The Upper Silesian Industrial Region (Górnośląski Okręg Przemysłowy, /pl/, Polish abbreviation: GOP /pl/; Oberschlesisches Industriegebiet) is a large industrial region in Poland. It lies mainly in the Silesian Voivodeship, centered on Katowice.

It is situated in the northern part of Upper Silesian Coal Basin, a home of altogether 5 million people (Katowice-Ostrava metropolitan area).
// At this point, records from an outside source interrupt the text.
definition mgen :: "'n monom set \<Rightarrow> 'n monom set" where
  "mgen G = {v. \<exists>u\<in>G. mdvd u v}"

definition mingens :: "'n monom set \<Rightarrow> 'n monom set" where
  "mingens I = {u\<in>I. \<forall>v\<in>I. mdvd v u \<longrightarrow> v = u}"

definition mideal_mult :: "'n monom set \<Rightarrow> 'n monom set \<Rightarrow> 'n monom set" where
  "mideal_mult I J = mgen {mmult u v | u v. u \<in> I \<and> v \<in> J}"

primrec mideal_pow :: "'n monom set \<Rightarrow> nat \<Rightarrow> 'n monom set" where
  "mideal_pow I 0 = UNIV"
| "mideal_pow I (Suc l) = mideal_mult I (mideal_pow I l)"

definition mcolon :: "'n monom set \<Rightarrow> 'n monom \<Rightarrow> 'n monom set" where
  "mcolon J u = {v. mmult v u \<in> J}"

definition xpow :: "'n \<Rightarrow> nat \<Rightarrow> 'n monom" where
  "xpow i d = (\<lambda>j. if j = i then d else 0)"

text \<open>m-primary monomial ideal: proper, and contains a power of each variable
  (equivalently its radical is m).\<close>
definition m_primary :: "'n monom set \<Rightarrow> bool" where
  "m_primary I \<longleftrightarrow> is_monomial_ideal I \<and> (\<lambda>_. 0) \<notin> I \<and> (\<forall>i. \<exists>d. xpow i d \<in> I)"

definition dexp :: "'n monom set \<Rightarrow> 'n \<Rightarrow> nat" where
  "dexp I i = (THE d. 1 \<le> d \<and> xpow i d \<in> mingens I)"

definition mupow :: "'n monom set \<Rightarrow> 'n monom \<Rightarrow> 'n monom" where
  "mupow I a = (\<lambda>i. a i * dexp I i)"

definition box :: "'n monom set \<Rightarrow> 'n monom \<Rightarrow> 'n monom set" where
  "box I a = {u. \<forall>i. a i * dexp I i \<le> u i \<and> u i \<le> (a i + 1) * dexp I i}"

definition good_ideal :: "('n::finite) monom set \<Rightarrow> bool" where
  "good_ideal I \<longleftrightarrow> m_primary I \<and>
     (\<forall>l\<ge>1. \<forall>m\<in>mingens (mideal_pow I l).
        \<exists>a. (\<Sum>i\<in>UNIV. a i) = l - 1 \<and> m \<in> box I a)"

definition I_sub :: "('n::finite) monom set \<Rightarrow> 'n monom \<Rightarrow> 'n monom set" where
  "I_sub I a = mgen {mquot m (mupow I a) | m.
      m \<in> box I a \<and> m \<in> mingens (mideal_pow I ((\<Sum>i\<in>UNIV. a i) + 1))}"

end

theory Submission
  imports Defs Complex_Main
begin

(* Weigh exponent vectors by wdeg I u = sum_i u_i / d_i, so that mu^c has weight |c| and the
   box B_c lies in weight >= |c|. Goodness applied to u^k in I^k gives k * wdeg u >= k - 1 for
   every k, hence wdeg >= 1 on I and wdeg >= l on I^l; therefore each mu^c with |c| = l is a
   minimal generator of I^l.
   If x mu^a is in I^l, some minimal generator M of I^l dividing it lies in a box B_c with
   |c| = l - 1 = |a|. Either c = a, and then M / mu^a divides x; or c_i > a_i for some i, which
   forces x_i^(d_i) | x, and then the minimal generator mu^a x_i^(d_i) of I^l lies in B_a and
   its quotient by mu^a divides x. *)

lemma mdvd_refl [simp]: "mdvd u u"
  by (simp add: mdvd_def)

lemma mdvd_trans: "mdvd u v \<Longrightarrow> mdvd v w \<Longrightarrow> mdvd u w"
  unfolding mdvd_def using le_trans by blast

lemma mdvd_neq_ex_less: "mdvd u v \<Longrightarrow> u \<noteq> v \<Longrightarrow> \<exists>i. u i < v i"
  unfolding mdvd_def by (meson ext le_neq_implies_less)

(* No hypothesis mdvd v u is needed: mquot truncates, and u_i - v_i <= x_i iff u_i <= x_i + v_i on nat. *)
lemma mdvd_mquot_iff: "mdvd (mquot u v) x \<longleftrightarrow> mdvd u (mmult x v)"
  by (simp add: mdvd_def mquot_def mmult_def le_diff_conv)

lemma is_monomial_idealD: "is_monomial_ideal J \<Longrightarrow> u \<in> J \<Longrightarrow> mdvd u v \<Longrightarrow> v \<in> J"
  unfolding is_monomial_ideal_def by blast

lemma subset_mgen: "G \<subseteq> mgen G"
  unfolding mgen_def using mdvd_refl by blast

lemma is_monomial_ideal_mgen: "is_monomial_ideal (mgen G)"
  unfolding is_monomial_ideal_def mgen_def using mdvd_trans by blast

lemma is_monomial_ideal_mideal_pow: "is_monomial_ideal (mideal_pow I l)"
proof (cases l)
  case (Suc k)
  then show ?thesis using is_monomial_ideal_mgen by (simp add: mideal_mult_def)
qed (simp add: is_monomial_ideal_def)

lemma mmult_mem_mideal_pow_Suc:
  "u \<in> I \<Longrightarrow> v \<in> mideal_pow I k \<Longrightarrow> mmult u v \<in> mideal_pow I (Suc k)"
  using subset_mgen by (fastforce simp: mideal_mult_def)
In the south-west it borders the Rybnik Coal Area (Polish: Rybnicki Okręg Węglowy, ROW). Covers 3,200 km² and about 3.5 million people.

The Upper Silesian Industrial Region is located in the province of Upper Silesia and Zagłębie Dąbrowskie in southern Poland in a basin between the Vistula and Oder rivers.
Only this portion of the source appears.